Ce magnifique résultat est en partie lié aux affaires qui ont éclaboussé le PDC, mais elle tient davantage à la crédibilité de la gauche en matière de sécurité sociale, de politique économique ou d’environnement. La gauche jurassienne ne pourra pas faire des miracles, car elle reste minoritaire. En raison de la confiance qui lui a été accordée, elle devra toutefois renforcer son « potentiel de proposition » ainsi que sa « capacité au conflit et à la négociation », en particulier dans ces domaines : augmentation du pouvoir d’achat ; lutte contre le dumping salarial ; aides publiques subordonnées au respect des conventions collectives de travail (CCT) ; reconversion écologique de l’économie ; formation ; intégration de toutes et de tous dans la vie sociale. La gauche devra aussi lutter pour une plus grande transparence dans la gestion des affaires publiques, pour une représentation politique plus équilibrée dans les hautes sphères de l’administration et pour mettre fin aux pratiques claniques du PDC. C’est à ce prix que l’on évitera la répétition des affaires qui ont terni l’image du Jura.

Gagner à la Saint-Martin

Les élections jurassiennes sont aussi de bon augure par rapports à quelques échéances plus ou moins proches :
• Elles placent la gauche jurassienne en position idéale pour les élections fédérales d’octobre 2011.

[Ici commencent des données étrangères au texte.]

lemma valid_relabel_transpose:
  assumes T: "T permutes {1..M}" "\<forall>P\<in>\<P>. ordered_by M T P"
    and p: "p permutes {1..M}" "relabel Q p \<in> valid_mechs M \<P> D"
    and kl: "k \<in> {1..M}" "l \<in> {1..M}" "k < l"
    and unsorted: "distortion Q (p (T l)) < distortion Q (p (T k))"
  shows "relabel Q (p \<circ> Transposition.transpose (T k) (T l)) \<in> valid_mechs M \<P> D"
proof -
  let ?a = "T k" and ?b = "T l" and ?d = "\<lambda>i. distortion Q (p i)"
  have ab: "?a \<in> {1..M}" "?b \<in> {1..M}" "?a \<noteq> ?b"
    using kl permutes_in_image[OF T(1)] permutes_inj[OF T(1), THEN inj_eq] by auto
  have "is_mechanism M (relabel Q p)" using p(2) by (simp add: valid_mechs_def)
  then have mech: "is_mechanism M (relabel Q (p \<circ> Transposition.transpose ?a ?b))"
    using relabel_mechanism[OF permutes_swap_id[OF ab(1,2)]] by (simp add: relabel_def)
  have "(\<Sum>i=1..M. P i * ?d (Transposition.transpose ?a ?b i)) \<le> D" if P: "P \<in> \<P>" for P
  proof -
    have "P ?b \<le> P ?a" using T(2) P kl unfolding ordered_by_def by simp
    then have "(P ?a - P ?b) * (?d ?b - ?d ?a) \<le> 0"
      using unsorted by (intro mult_nonneg_nonpos) auto
    moreover have "(\<Sum>i=1..M. P i * ?d i) \<le> D"
      using p(2) P by (simp add: valid_mechs_def distortion_relabel)
    moreover have "(\<Sum>i=1..M. P i * ?d (Transposition.transpose ?a ?b i))
        = (\<Sum>i=1..M. P i * ?d i) + (P ?a - P ?b) * (?d ?b - ?d ?a)"
      by (rule sum_mult_transpose[OF _ ab]) simp
    ultimately show ?thesis by linarith
  qed
  with mech show ?thesis by (simp add: valid_mechs_def distortion_relabel)
qed

lemma exists_sorted_valid_relabel:
  assumes T: "T permutes {1..M}" "\<forall>P\<in>\<P>. ordered_by M T P"
    and Q: "Q \<in> valid_mechs M \<P> D"
  shows "\<exists>p. p permutes {1..M} \<and> relabel Q p \<in> valid_mechs M \<P> D \<and>
           (\<forall>k\<in>{1..M}. \<forall>l\<in>{1..M}. k \<le> l \<longrightarrow> distortion Q (p (T k)) \<le> distortion Q (p (T l)))"
proof -
  define PS where "PS = {p. p permutes {1..M} \<and> relabel Q p \<in> valid_mechs M \<P> D}"
  define potential where
    "potential = (\<lambda>p. \<Sum>i=1..M. real (inv T i) * distortion Q (p i))"
  have fin: "finite PS"
    unfolding PS_def by (rule finite_subset[OF _ finite_permutations[of "{1..M}"]]) auto
  moreover have "id \<in> PS"
    using Q by (simp add: PS_def relabel_def permutes_id)
  ultimately obtain p where p: "p \<in> PS" "Max (potential ` PS) = potential p"
    using obtains_MAX by blast
  have p_max: "potential q \<le> potential p" if "q \<in> PS" for q
    using Max_ge[of "potential ` PS"] fin that p(2) by simp
  have "distortion Q (p (T k)) \<le> distortion Q (p (T l))"
    if kl: "k \<in> {1..M}" "l \<in> {1..M}" "k \<le> l" for k l
  proof (rule ccontr)
    assume unsorted: "\<not> ?thesis"
    with kl have "k < l" by (cases "k = l") auto
    let ?q = "p \<circ> Transposition.transpose (T k) (T l)"
    have ab: "T k \<in> {1..M}" "T l \<in> {1..M}" "T k \<noteq> T l"
      using kl \<open>k < l\<close> permutes_in_image[OF T(1)] permutes_inj[OF T(1), THEN inj_eq] by auto
    have "?q \<in> PS"
      using p(1) valid_relabel_transpose[OF T _ _ kl(1,2) \<open>k < l\<close>] unsorted
        permutes_compose[OF permutes_swap_id[OF ab(1,2)]]
      by (auto simp: PS_def)
    then have "potential ?q \<le> potential p" by (rule p_max)
    moreover have "potential ?q = potential p + (real (inv T (T k)) - real (inv T (T l))) *
        (distortion Q (p (T l)) - distortion Q (p (T k)))"
      unfolding potential_def o_def by (rule sum_mult_transpose[OF _ ab]) simp
    moreover have "0 < (real l - real k) * (distortion Q (p (T k)) - distortion Q (p (T l)))"
      using \<open>k < l\<close> unsorted by (intro mult_pos_pos) auto
    ultimately show False
      by (simp add: permutes_inverses(2)[OF T(1)] algebra_simps)
  qed
  with p(1) show ?thesis by (auto simp: PS_def)
qed

theorem lemma2:
  fixes M :: nat and \<P> :: "(nat \<Rightarrow> real) set" and T :: "nat \<Rightarrow> nat" and D :: real
  assumes dists: "\<forall>P\<in>\<P>. is_dist M P"
    and classII: "class_II M \<P>"
    and T: "T permutes {1..M}" "\<forall>P\<in>\<P>. ordered_by M T P"
    and D: "0 < D" "D \<le> 1"
  shows "\<exists>Q\<in>valid_mechs M \<P> D.
           (\<forall>Q'\<in>valid_mechs M \<P> D. eps_DP M Q \<le> eps_DP M Q') \<and>
           (\<forall>k\<in>{1..M}. \<forall>l\<in>{1..M}. k \<le> l \<longrightarrow> distortion Q (T k) \<le> distortion Q (T l))"
proof -
  obtain Q where Q: "Q \<in> valid_mechs M \<P> D"
    and opt: "\<forall>Q'\<in>valid_mechs M \<P> D. eps_DP M Q \<le> eps_DP M Q'"
    using exists_optimal_mech D(1) by (meson less_imp_le)
  obtain p where p: "p permutes {1..M}" "relabel Q p \<in> valid_mechs M \<P> D"
    and sorted: "\<forall>k\<in>{1..M}. \<forall>l\<in>{1..M}. k \<le> l \<longrightarrow> distortion Q (p (T k)) \<le> distortion Q (p (T l))"
    using exists_sorted_valid_relabel[OF T Q] by blast
  have "eps_DP M (relabel Q p) = eps_DP M Q" using eps_DP_relabel[OF p(1)] .
  with p(2) opt sorted show ?thesis
    by (intro bexI[of _ "relabel Q p"]) (auto simp: distortion_relabel)
qed

end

• Elles peuvent lui servir de levier pour reconquérir quelques positions perdues lors des dernières élections communales.
• Elles doivent faire office de détonateur pour faire tomber, le 28 novembre, l’initiative de l’UDC et le contreprojet du Parlement « pour le renvoi des étrangers criminels » ainsi que pour faire triompher l’initiative socialiste « pour des impôts équitables ».
La politique ne s’arrête pas aux élections et aux votations. A terme, la gauche ne deviendra plus forte encore que si elle renforce ses organisations, sa capacité de débat et de mobilisation, son professionnalisme, la formation de ses militants, ses instruments de communication et son unité, et qu’elle renonce aux compromissions ainsi qu’à la tentation socialo-libérale blairiste, laquelle a notamment fait le malheur des travaillistes anglais et du SPD allemand. Mais il faut d’abord que la gauche gagne la « bataille de la Saint-Martin », en faisant élire Michel Thentz aux côtés d’Elisabeth Baume-Schneider au Gouvernement jurassien, le 14 novembre prochain.